**DATA EXCERPTS**
--- START ---

lemma digit_series_tendsto_at_generic:
  assumes w: "norm w < 1" and y0: "l \<le> y0" "y0 < l + 1" and generic: "\<forall>n. (T ^^ Suc n) y0 \<noteq> l"
  shows "(digit_series w \<longlongrightarrow> digit_series w y0) (at y0 within {l..<l + 1})"
proof (rule tendstoI)
  fix e :: real assume "e > 0"
  have "(\<lambda>k. 2 * (\<beta> + 2) * norm w ^ k / (1 - norm w)) \<longlonglongrightarrow> 2 * (\<beta> + 2) * 0 / (1 - norm w)"
    using w by (intro tendsto_intros LIMSEQ_power_zero) auto
  hence "\<forall>\<^sub>F k in sequentially. 2 * (\<beta> + 2) * norm w ^ k / (1 - norm w) < e"
    using \<open>e > 0\<close> by (intro order_tendstoD(2)) auto
  then obtain k where k: "2 * (\<beta> + 2) * norm w ^ k / (1 - norm w) < e"
    by (auto simp: eventually_sequentially)
  have "\<forall>\<^sub>F y in at y0 within {l..<l + 1}. \<forall>j<k. dig y j = dig y0 j"
    using negbeta_digits_locally_constant[OF generic] by (rule filter_leD[OF at_le, rotated]) simp
  moreover have "\<forall>\<^sub>F y in at y0 within {l..<l + 1}. y \<in> {l..<l + 1}"
    by (simp add: eventually_at_filter)
  ultimately show "\<forall>\<^sub>F y in at y0 within {l..<l + 1}. dist (digit_series w y) (digit_series w y0) < e"
  proof eventually_elim
    case (elim y)
    hence "norm (digit_series w y - digit_series w y0) \<le> 2 * (\<beta> + 2) * norm w ^ k / (1 - norm w)"
      using y0 by (intro norm_diff_suminf_bounded_coeffs_le[OF w] norm_negbeta_digit_le) auto
    thus ?case using k by (simp add: dist_norm)
  qed
qed
lemma translate_atom_iff_card_eq_2:
  fixes A :: "'a::ab_group_add set"
  assumes "A \<in> P0"
  shows "translate_atom A \<longleftrightarrow> card A = 2"
proof
  assume atom: "translate_atom A"
  then obtain a where a: "a \<in> A" "a \<noteq> 0" using assms by (auto simp: P0_def translate_atom_def)
  have "translate_subset {0, a} A"
    unfolding translate_subset_def using a assms by (intro exI[of _ 0]) (simp add: P0_def)
  then have "translate_subset A {0, a}"
    using atom a unfolding translate_atom_def by auto
  then have "finite A" "card A \<le> 2"
    using translate_subset_finite_card_le[of A "{0, a}"] a by auto
  moreover have "A \<noteq> {0}" using atom by (simp add: translate_atom_def)
  ultimately show "card A = 2" using two_le_card_if_P0[OF assms] by simp
next
  assume card: "card A = 2"
  then have "finite A" by (metis card.infinite zero_neq_numeral)
  have "translate_subset A B" if B: "B \<in> P0" "B \<noteq> {0}" "translate_subset B A" for B
  proof -
    obtain t where t: "(+) t ` B \<subseteq> A" using B(3) unfolding translate_subset_def by blast
    have "finite B" "card B \<le> 2"
      using translate_subset_finite_card_le[OF B(3) \<open>finite A\<close>] card by simp_all
    with B have "card ((+) t ` B) = card A"
      using two_le_card_if_P0[of B] card by (simp add: card_image inj_on_def)
    then have "(+) t ` B = A" using t \<open>finite A\<close> by (intro card_subset_eq)
    then have "(+) (- t) ` A = B" by (auto simp: image_image)
    then show ?thesis unfolding translate_subset_def by blast
  qed
  moreover have "A \<noteq> {0}" using card by auto
  ultimately show "translate_atom A" unfolding translate_atom_def by blast
qed
(* Let $H$ be a finite-dimensional real or complex Hilbert space with inner product $(\cdot,\cdot)$ and norm $\|u\|=(u,u)^{1/2}$, and let $A:H\to H$ be a self-adjoint operator with eigenvalues $0<\lambda_1\le\lambda_2\le\dots\le\lambda_K$, so that $A\ge \delta I$ with $\delta=\lambda_1>0$. Let $f$ be a real function defined and nonzero on $[\lambda_1,\lambda_K]$ with $f(\lambda_k)>0$ for all $k$, and write $f^{-1}(\lambda)=1/f(\lambda)$. For $\varphi\in H$ let $u=f^{-1}(A)\varphi$ be the solution of $f(A)u=\varphi$. Let $m\ge 1$ and let $a_i>0$, $b_i>0$, $i=1,\dots,m$, be such that the function $r(\lambda)=\sum_{i=1}^m a_i (b_i+\lambda)^{-1}$ satisfies $$|r(\lambda)-f^{-1}(\lambda)|\le \varepsilon\quad\text{for all }\lambda\in[\lambda_1,\lambda_K].$$ Let $w_i\in H$ be the solutions of $(b_iI+A)w_i=\varphi$, $i=1,\dots,m$, and let $\tilde w_i\in H$ satisfy $$\|\tilde w_i-w_i\|\le \varepsilon_i\|\varphi\|,\qquad \varepsilon_i=\frac{\varepsilon_0}{b_i+\delta},\quad i=1,\dots,m,$$ for some $\varepsilon_0\ge 0$. Define $\hat u=\sum_{i=1}^m a_i\tilde w_i$. Then $$\|\hat u-u\|\le\big(\varepsilon+\varepsilon_0\,(f^{-1}(\delta)+\varepsilon)\big)\|\varphi\|.$$
   Context: Operator functions are defined spectrally: if $\psi_k$ ($\|\psi_k\|=1$) are orthonormal eigenvectors of $A$ with $A\psi_k=\lambda_k\psi_k$, then $g(A)u=\sum_{k=1}^K g(\lambda_k)(u,\psi_k)\psi_k$. In particular $f^{-1}(A)=\sum_k f(\lambda_k)^{-1}(\cdot,\psi_k)\psi_k$, and $f^{-1}(\delta)=1/f(\lambda_1)$. *)

theory Defs
  imports "HOL-Analysis.Analysis"
begin

text \<open>The Hilbert space H is modelled as K-dimensional coordinate space 'a^'n with
 K = CARD('n), scalars 'a = real (conjugation id) or complex (conjugation cnj),
 inner product (x,y) = sum_i x_i * conj(y_i). The library norm on 'a^'n is the
 Euclidean norm, which coincides with (u,u)^(1/2).\<close>

definition sinner :: "('a::comm_semiring_1 \<Rightarrow> 'a) \<Rightarrow> 'a^'n \<Rightarrow> 'a^'n \<Rightarrow> 'a" where
  "sinner cj x y = (\<Sum>i\<in>UNIV. x$i * cj (y$i))"

text \<open>Spectral operator function: g(A)u = sum_k g(lambda_k) (u,psi_k) psi_k
 (eigenvalues indexed 0..K-1).\<close>
definition spec_fun :: "('a::real_normed_field \<Rightarrow> 'a) \<Rightarrow> (nat \<Rightarrow> 'a^'n) \<Rightarrow> (nat \<Rightarrow> real)
    \<Rightarrow> (real \<Rightarrow> real) \<Rightarrow> 'a^'n \<Rightarrow> 'a^'n" where
  "spec_fun cj \<psi> lam g u =
     (\<Sum>k<CARD('n). (of_real (g (lam k)) * sinner cj u (\<psi> k)) *s \<psi> k)"

text \<open>The statement for a given scalar field with conjugation cj: hypotheses imply the estimate.
 Indices are 0-based: lambda_1 = lam 0, lambda_K = lam (K-1), i = 0..m-1.\<close>
definition spectral_estimate ::
  "('a::real_normed_field \<Rightarrow> 'a) \<Rightarrow> ('a^'n \<Rightarrow> 'a^'n) \<Rightarrow> (nat \<Rightarrow> 'a^'n) \<Rightarrow> (nat \<Rightarrow> real)
   \<Rightarrow> (real \<Rightarrow> real) \<Rightarrow> 'a^'n \<Rightarrow> nat \<Rightarrow> (nat \<Rightarrow> real) \<Rightarrow> (nat \<Rightarrow> real)
   \<Rightarrow> (nat \<Rightarrow> 'a^'n) \<Rightarrow> (nat \<Rightarrow> 'a^'n) \<Rightarrow> real \<Rightarrow> real \<Rightarrow> bool" where
  "spectral_estimate cj A \<psi> lam f \<phi> m a b w wt \<epsilon> \<epsilon>0 \<longleftrightarrow>
    ((\<forall>x y. A (x + y) = A x + A y) \<and>
     (\<forall>c x. A (c *s x) = c *s A x) \<and>
     (\<forall>x y. sinner cj (A x) y = sinner cj x (A y)) \<and>
     (\<forall>j<CARD('n). \<forall>k<CARD('n). sinner cj (\<psi> j) (\<psi> k) = (if j = k then 1 else 0)) \<and>
     (\<forall>k<CARD('n). A (\<psi> k) = of_real (lam k) *s \<psi> k) \<and>
     0 < lam 0 \<and>
     (\<forall>j k. j \<le> k \<longrightarrow> k < CARD('n) \<longrightarrow> lam j \<le> lam k) \<and>
     (\<forall>x\<in>{lam 0 .. lam (CARD('n) - 1)}. f x \<noteq> 0) \<and>
     (\<forall>k<CARD('n). 0 < f (lam k)) \<and>
     1 \<le> m \<and>
     (\<forall>i<m. 0 < a i \<and> 0 < b i) \<and>
     (\<forall>x\<in>{lam 0 .. lam (CARD('n) - 1)}.
        \<bar>(\<Sum>i<m. a i / (b i + x)) - 1 / f x\<bar> \<le> \<epsilon>) \<and>
     (\<forall>i<m. of_real (b i) *s w i + A (w i) = \<phi>) \<and>
     0 \<le> \<epsilon>0 \<and>
     (\<forall>i<m. norm (wt i - w i) \<le> (\<epsilon>0 / (b i + lam 0)) * norm \<phi>))
   \<longrightarrow>
    norm ((\<Sum>i<m. of_real (a i) *s wt i) - spec_fun cj \<psi> lam (\<lambda>x. 1 / f x) \<phi>)
      \<le> (\<epsilon> + \<epsilon>0 * (1 / f (lam 0) + \<epsilon>)) * norm \<phi>"

end

theory Submission
  imports Defs
begin

text \<open>In an orthonormal eigenbasis of \<open>A\<close> every operator involved is diagonal. Since
 \<open>w\<^sub>i = (b\<^sub>i + A)\<^sup>-\<^sup>1\<phi>\<close>, we get \<open>\<Sum> a\<^sub>i w\<^sub>i = r(A)\<phi>\<close>, and Parseval gives
 \<open>\<parallel>r(A)\<phi> - f\<^sup>-\<^sup>1(A)\<phi>\<parallel> \<le> max\<^sub>k \<bar>r(\<lambda>\<^sub>k) - f\<^sup>-\<^sup>1(\<lambda>\<^sub>k)\<bar> \<parallel>\<phi>\<parallel> \<le> \<epsilon>\<parallel>\<phi>\<parallel>\<close>. By the triangle
 inequality the errors \<open>w\<tilde>\<^sub>i - w\<^sub>i\<close> contribute at most
 \<open>\<Sum> a\<^sub>i \<epsilon>\<^sub>0/(b\<^sub>i + \<delta>) \<parallel>\<phi>\<parallel> = \<epsilon>\<^sub>0 r(\<delta>) \<parallel>\<phi>\<parallel> \<le> \<epsilon>\<^sub>0 (f\<^sup>-\<^sup>1(\<delta>) + \<epsilon>) \<parallel>\<phi>\<parallel>\<close>.\<close>

definition orthonormal_family :: "('a::comm_semiring_1 \<Rightarrow> 'a) \<Rightarrow> (nat \<Rightarrow> 'a^'n) \<Rightarrow> bool" where
  "orthonormal_family cj \<psi> \<longleftrightarrow>
     (\<forall>j<CARD('n). \<forall>k<CARD('n). sinner cj (\<psi> j) (\<psi> k) = (if j = k then 1 else 0))"

lemma sinner_sum_left: "sinner cj (\<Sum>k\<in>S. g k) y = (\<Sum>k\<in>S. sinner cj (g k) y)"
  unfolding sinner_def by (simp add: sum_component sum_distrib_right sum.swap[of _ S])

lemma sinner_scale_left: "sinner cj (c *s x) y = c * sinner cj x y"
  unfolding sinner_def by (simp add: sum_distrib_left mult.assoc)

lemma sinner_add_left: "sinner cj (x + z) y = sinner cj x y + sinner cj z y"
  unfolding sinner_def by (simp add: sum.distrib distrib_right)

lemma sinner_orthonormal_sum_left:
  assumes "orthonormal_family cj \<psi>" and "j < CARD('n)"
  shows "sinner cj (\<Sum>k<CARD('n). c k *s (\<psi> k :: 'a::comm_semiring_1^'n)) (\<psi> j) = c j"
proof -
  have "sinner cj (\<Sum>k<CARD('n). c k *s \<psi> k) (\<psi> j)
      = (\<Sum>k<CARD('n). if k = j then c j else 0)"
    unfolding sinner_sum_left sinner_scale_left
    using assms by (intro sum.cong) (auto simp: orthonormal_family_def)
  then show ?thesis using assms(2) by simp
qed

lemma orthonormal_family_inj:
  assumes "orthonormal_family cj (\<psi> :: nat \<Rightarrow> 'a::comm_semiring_1^'n)"
  shows "inj_on \<psi> {..<CARD('n)}"
proof (rule inj_onI, rule ccontr)
  fix j k assume jk: "j \<in> {..<CARD('n)}" "k \<in> {..<CARD('n)}" and "\<psi> j = \<psi> k" "j \<noteq> k"
  have "sinner cj (\<psi> j) (\<psi> k) = 0" "sinner cj (\<psi> k) (\<psi> k) = 1"
    using assms jk \<open>j \<noteq> k\<close> by (simp_all add: orthonormal_family_def)
  with \<open>\<psi> j = \<psi> k\<close> show False by simp
qed

text \<open>An orthonormal family of \<open>CARD('n)\<close> vectors is independent, hence a basis.\<close>

lemma orthonormal_expansion:
  fixes \<psi> :: "nat \<Rightarrow> 'a::field^'n"
  assumes orth: "orthonormal_family cj \<psi>"
  shows "x = (\<Sum>k<CARD('n). sinner cj x (\<psi> k) *s \<psi> k)"
proof -
  let ?K = "CARD('n)" and ?B = "\<psi> ` {..<CARD('n)}"
  have inj: "inj_on \<psi> {..<?K}" using orth by (rule orthonormal_family_inj)
  have indep: "vec.independent ?B"
  proof (rule vec.independent_if_scalars_zero)
    fix g v assume "(\<Sum>v\<in>?B. g v *s v) = 0" and "v \<in> ?B"
    then obtain j where "j < ?K" "v = \<psi> j" "(\<Sum>k<?K. g (\<psi> k) *s \<psi> k) = 0"
      by (auto simp: sum.reindex[OF inj])
    then show "g v = 0"
      using sinner_orthonormal_sum_left[OF orth, of j "\<lambda>k. g (\<psi> k)"] by (simp add: sinner_def)
  qed simp
  have "card ?B = vec.dim (UNIV :: ('a^'n) set)"
    using card_image[OF inj] by (simp add: card_cart_basis)
  then have "x \<in> vec.span ?B"
    using vec.card_eq_dim[of ?B UNIV] indep by auto
  then obtain u where "x = (\<Sum>v\<in>?B. u v *s v)"
    using vec.span_finite[of ?B] by auto
  then have x: "x = (\<Sum>k<?K. u (\<psi> k) *s \<psi> k)" by (simp add: sum.reindex[OF inj])
  have "sinner cj x (\<psi> k) = u (\<psi> k)" if "k < ?K" for k
    by (subst x) (rule sinner_orthonormal_sum_left[OF orth that])
  then show ?thesis by (subst x) (intro sum.cong; simp)
qed

lemma spec_fun_diff:
  "spec_fun cj \<psi> lam g x - spec_fun cj \<psi> lam h x = spec_fun cj \<psi> lam (\<lambda>t. g t - h t) x"
  unfolding spec_fun_def sum_subtractf[symmetric]
  by (intro sum.cong refl) (simp only: of_real_diff left_diff_distrib vec.scale_left_diff_distrib)

lemma spec_fun_linear_combination:
  fixes \<psi> :: "nat \<Rightarrow> 'a::real_normed_field^'n"
  shows "(\<Sum>i\<in>I. of_real (a i) *s spec_fun cj \<psi> lam (g i) x)
     = spec_fun cj \<psi> lam (\<lambda>t. \<Sum>i\<in>I. a i * g i t) x"
proof -
  have "(\<Sum>i\<in>I. of_real (a i) *s spec_fun cj \<psi> lam (g i) x)
      = (\<Sum>k<CARD('n). \<Sum>i\<in>I. (of_real (a i * g i (lam k)) * sinner cj x (\<psi> k)) *s \<psi> k)"
    unfolding spec_fun_def
    by (simp add: vec.scale_sum_right vec.scale_scale mult.assoc sum.swap[of _ I])
  also have "\<dots> = spec_fun cj \<psi> lam (\<lambda>t. \<Sum>i\<in>I. a i * g i t) x"
    unfolding spec_fun_def
    by (intro sum.cong refl) (simp add: vec.scale_sum_left[symmetric] sum_distrib_right)
  finally show ?thesis .
qed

--- END ---

**YOUR TASK**
Out of the material above, output word for word the line with "by (auto simp: eventually_sequentially)", the line with "using y0 by", and all lines between them, with nothing else.

**WRITTEN SOLUTION**
    by (auto simp: eventually_sequentially)
  have "\<forall>\<^sub>F y in at y0 within {l..<l + 1}. \<forall>j<k. dig y j = dig y0 j"
    using negbeta_digits_locally_constant[OF generic] by (rule filter_leD[OF at_le, rotated]) simp
  moreover have "\<forall>\<^sub>F y in at y0 within {l..<l + 1}. y \<in> {l..<l + 1}"
    by (simp add: eventually_at_filter)
  ultimately show "\<forall>\<^sub>F y in at y0 within {l..<l + 1}. dist (digit_series w y) (digit_series w y0) < e"
  proof eventually_elim
    case (elim y)
    hence "norm (digit_series w y - digit_series w y0) \<le> 2 * (\<beta> + 2) * norm w ^ k / (1 - norm w)"
      using y0 by (intro norm_diff_suminf_bounded_coeffs_le[OF w] norm_negbeta_digit_le) auto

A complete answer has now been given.